A unity government encompassing the two major parties continued to look like the most likely way out of the impasse, though Blue and White has insisted that Netanyahu must leave if such a coalition is to be formed.

Liberman on Wednesday reiterated his insistence on a unity government comprising his party, Blue and White, and Likud, but said he wouldn’t start coalition negotiations with any party unless it accepts his list of demands for secularist policy changes.

Israel Beytenu party chairman Avigdor Liberman and his wife cast their ballot at a voting station in the settlement of Nokdim, during the Knesset elections on September 17, 2019. (Hadas Parush/Flash90)
Israel Beytenu party chairman Avigdor Liberman and his wife cast their ballot at a voting station in the settlement of Nokdim, during the Knesset elections on September 17, 2019. (Hadas Parush/Flash90)

 

Liberman laid out his demands — a wishlist including an ultra-Orthodox military draft, public transportation and commerce on Shabbat, Haredi secular education and other measures — and said he did not plan on speaking to any other party leaders until they meet his preconditions.

He also expressed unhappiness with a speech Gantz made in the early hours of Wednesday morning, which Liberman said did not address his secular issues.

“I didn’t hear clear statements,” Liberman said.

He also called the idea of forming a government that includes Arab parties “absurd” and said he would not sit in the government with the Joint List, an alliance of mostly Arab parties.

Joint List leader Ayman Odeh said Wednesday “it is possible that we will recommend Blue and White head Benny Gantz [to form the next coalition] to President Reuven.”

“However, we have clear conditions and based on them we will decide. We want to replace Netanyahu,” he told Army Radio.

Head of the Joint List party MK Ayman Odeh reacts as the first results in the Knesset elections are announced, September 17, 2019. (Basel Awidat/FLASH90)
Head of the Joint List party MK Ayman Odeh reacts as the first results in the Knesset elections are announced, September 17, 2019. (Basel Awidat/FLASH90)

 

In his speech following the release of exit poll results, Gantz said, “Of course we will wait for the real results. But as it looks now, we fulfilled the mission. And more importantly, we did it our way.”

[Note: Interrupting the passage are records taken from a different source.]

theorem mainTheorem9:
  shows "\<exists>N0::nat. \<forall>N\<ge>N0. \<forall>(y::real) (a::nat \<Rightarrow> nat).
     y \<in> {0..1} \<longrightarrow>
     (\<forall>i\<ge>1. a i \<in> {0, 1}) \<longrightarrow>
     y = (\<Sum>i. real (a (Suc i)) / 2 ^ (Suc i)) \<longrightarrow>
     (\<forall>n\<ge>N. real (card {i\<in>{1..n}. a i = 0}) \<ge> 0.4 * real n) \<longrightarrow>
     {0..1 / (56 * 2 ^ N)} \<subseteq> Kslice y"
proof (intro exI[of _ 0] allI impI subsetI)
  fix N :: nat and y :: real and a :: "nat \<Rightarrow> nat" and x :: real
  assume a: "\<forall>i\<ge>1. a i \<in> {0, 1}" and y: "y = (\<Sum>i. real (a (Suc i)) / 2 ^ (Suc i))"
    and density: "\<forall>n\<ge>N. real (card {i\<in>{1..n}. a i = 0}) \<ge> 0.4 * real n"
    and "x \<in> {0..1 / (56 * 2 ^ N)}"
  then have x: "0 \<le> x" "2 ^ N * x \<le> 1/16" by (auto simp: field_simps)
  have "count_ones a n \<le> 2 * count_zeros a n + N" for n
    using density by (intro count_ones_le_twice_zeros) (simp add: count_zeros_def)
  note r = greedy_remainder_bounds[OF this x]
  obtain q where "q \<in> Kset" using Kset_fixpoint(1) by blast
  have "(x, y) \<in> Kset"
  proof (rule digit_series_mem)
    show "closed Kset" using Kset_fixpoint(2) by (rule compact_imp_closed)
    show "midpoints Kset Kdigits \<subseteq> Kset" using Kset_fixpoint(3) by simp
    show "greedy_digit (a (Suc i)) (greedy_remainder a x i) \<in> Kdigits" for i
      using r(1) by (rule greedy_digit_mem)
    show "(\<lambda>i. (1/2) ^ Suc i *\<^sub>R greedy_digit (a (Suc i)) (greedy_remainder a x i)) sums (x, y)"
      unfolding y using a r(1) by (intro greedy_digit_series_sums) (auto intro: order_trans[OF r(2)])
  qed fact
  then show "x \<in> Kslice y" by (simp add: Kslice_def)
qed

end
lemma blossom_exists:
  assumes G: "matched_graph W E m" and "W \<noteq> {}" and "\<nexists>xs. alt_cycle W E m xs"
    and "\<forall>x\<in>W. \<exists>y. alt_step E m x y"
  shows "\<exists>p S. blossom W E m p S"
proof -
  obtain qs0 where "alt_walk_to_mate W E m qs0" using alt_walk_to_mate_exists[OF assms] by blast
  then obtain qs where walk: "alt_walk_to_mate W E m qs"
    and shortest: "\<And>qs'. alt_walk_to_mate W E m qs' \<Longrightarrow> length qs \<le> length qs'"
    using ex_has_least_nat[of "alt_walk_to_mate W E m" qs0 length] by blast
  define p where "p = hd qs"
  define T where "T = butlast (tl qs)"
  have "3 \<le> length qs" using alt_walk_to_mate_length[OF G walk] .
  then have "tl qs \<noteq> []" "T \<noteq> []" by (simp_all add: T_def flip: length_greater_0_conv)
  then have "qs = p # T @ [last (tl qs)]" by (cases qs) (simp_all add: p_def T_def)
  moreover have "last (tl qs) = m p"
    using walk \<open>tl qs \<noteq> []\<close> by (simp add: alt_walk_to_mate_def last_tl p_def)
  ultimately have qs: "qs = p # T @ [m p]" by simp
  have "mate_free m (p # T)"
    using shortest_alt_walk_to_mate_mate_free[OF G walk shortest] qs by (simp add: butlast_append)
  moreover have "set (p # T) \<subseteq> W" using walk qs by (auto simp: alt_walk_to_mate_def)
  ultimately show ?thesis
    using blossom_of_alt_walk[OF G _ _ _ \<open>T \<noteq> []\<close>] walk qs
    by (auto simp: alt_walk_to_mate_def)
qed

text \<open>An edge from the base \<open>p\<close> into the blossom would close an alternating cycle through
  \<open>m p\<close>.\<close>

lemma blossom_base_no_edge:
  assumes G: "matched_graph W E m" and B: "blossom W E m p S"
    and no_cycle: "\<nexists>xs. alt_cycle W E m xs" and s: "s \<in> S"
  shows "\<not> E p s"
proof
  assume e: "E p s"
  obtain ys where ys: "ys \<noteq> []" "hd ys = s" "set ys \<subseteq> S" "mate_free m ys"
    "successively (alt_step E m) (ys @ [m p])" using B s unfolding blossom_def by blast
  have p: "p \<in> W" "p \<notin> S" "m p \<notin> S" "S \<subseteq> W" "\<forall>s\<in>S. m s \<in> S"
    using B by (auto simp: blossom_def)
  have "m y \<noteq> m p" if "y \<in> set ys" for y
  proof -
    have "y \<in> S" using that ys(3) by blast
    then show ?thesis using p matched_graph_mateD[OF G p(1)] matched_graph_mateD[OF G, of y] by auto
  qed
  then have "mate_free m (m p # ys)"
    using ys p matched_graph_mateD[OF G p(1)] unfolding mate_free_def by auto
  moreover have "alt_step E m (m p) s" using e p matched_graph_mateD[OF G p(1)] s
    by (auto simp: alt_step_def)
  moreover have "successively (alt_step E m) ys" "alt_step E m (last ys) (m p)"
    using ys(1,5) by (simp_all add: successively_append_iff)
  ultimately have "alt_cycle W E m (m p # ys)"
    using ys p matched_graph_mateD[OF G p(1)]
    by (auto simp: alt_cycle_def successively_Cons Suc_le_eq)
  then show False using no_cycle by blast
qed

subsection \<open>Contracting a blossom\<close>

definition contract :: "('b \<Rightarrow> 'b \<Rightarrow> bool) \<Rightarrow> 'b set \<Rightarrow> 'b \<Rightarrow> 'b \<Rightarrow> 'b \<Rightarrow> bool" where
  "contract E S c x y \<longleftrightarrow> x \<notin> S \<and> y \<notin> S \<and>
     (E x y \<or> (x = c \<and> y \<noteq> c \<and> (\<exists>s\<in>S. E s y)) \<or> (y = c \<and> x \<noteq> c \<and> (\<exists>s\<in>S. E s x)))"

lemma matched_graph_contract:
  assumes G: "matched_graph W E m" and B: "blossom W E m p S"
  shows "matched_graph (W - S) (contract E S (m p)) m"
proof -
  have mp_W: "m p \<in> W" using B matched_graph_mateD[OF G] by (simp add: blossom_def)
  have "x \<in> W - S \<and> y \<in> W - S \<and> x \<noteq> y \<and> contract E S (m p) y x"
    if "contract E S (m p) x y" for x y
    using that mp_W matched_graph_edgeD[OF G] unfolding contract_def by blast
  moreover have "m x \<in> W - S \<and> m x \<noteq> x \<and> m (m x) = x \<and> contract E S (m p) x (m x)"
    if x: "x \<in> W - S" for x
  proof -
    have "m x \<notin> S" using x B matched_graph_mateD[OF G] by (metis Diff_iff blossom_def)
    then show ?thesis using x matched_graph_mateD[OF G, of x] by (auto simp: contract_def)
  qed
  ultimately show ?thesis using G by (simp add: matched_graph_def)
qed

lemma contract_alt_step_cases:
  assumes "alt_step (contract E S c) m a b" "\<not> alt_step E m a b"
  shows "(m a = c \<and> (\<exists>s\<in>S. E s b)) \<or> (b = c \<and> (\<exists>s\<in>S. E s (m a)))"
  using assms by (auto simp: alt_step_def contract_def)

He said he had already spoken to Labor head Amir Peretz and the head of the left-wing Democratic Union, Nitzan Horowitz, in a bid to start future coalition negotiations.

“I will also speak to Liberman, I intend to speak to everyone,” he said. “Starting tonight, we will start work on building a broad national unity government.”

He did not mention Netanyahu and his Likud party.

The next several weeks are expected to heavily feature coalition wrangling, as parties attempt to jockey to form a government.

In the last elections in April, Blue and White managed to tie Likud, but Netanyahu, who has been prime minister for 10 years, was given first chance to form a government but failed when Liberman refused to join unless a bill formalizing exemptions to mandatory military service for yeshiva students was passed as is, a demand flatly rejected by the premier’s ultra-Orthodox coalition partners. The mandate never passed to Gantz, with Likud instead engineering new elections.

President Reuven Rivlin, who decides whom to task with forming a government, has promised to do what he can to avoid a third round of voting.

Voter turnout on Tuesday outpaced voting levels from the elections earlier this year, bucking predictions of a drop in participation in the repeat poll. Turnout as polls closed was at 69.4 percent, up from 68.5% in April.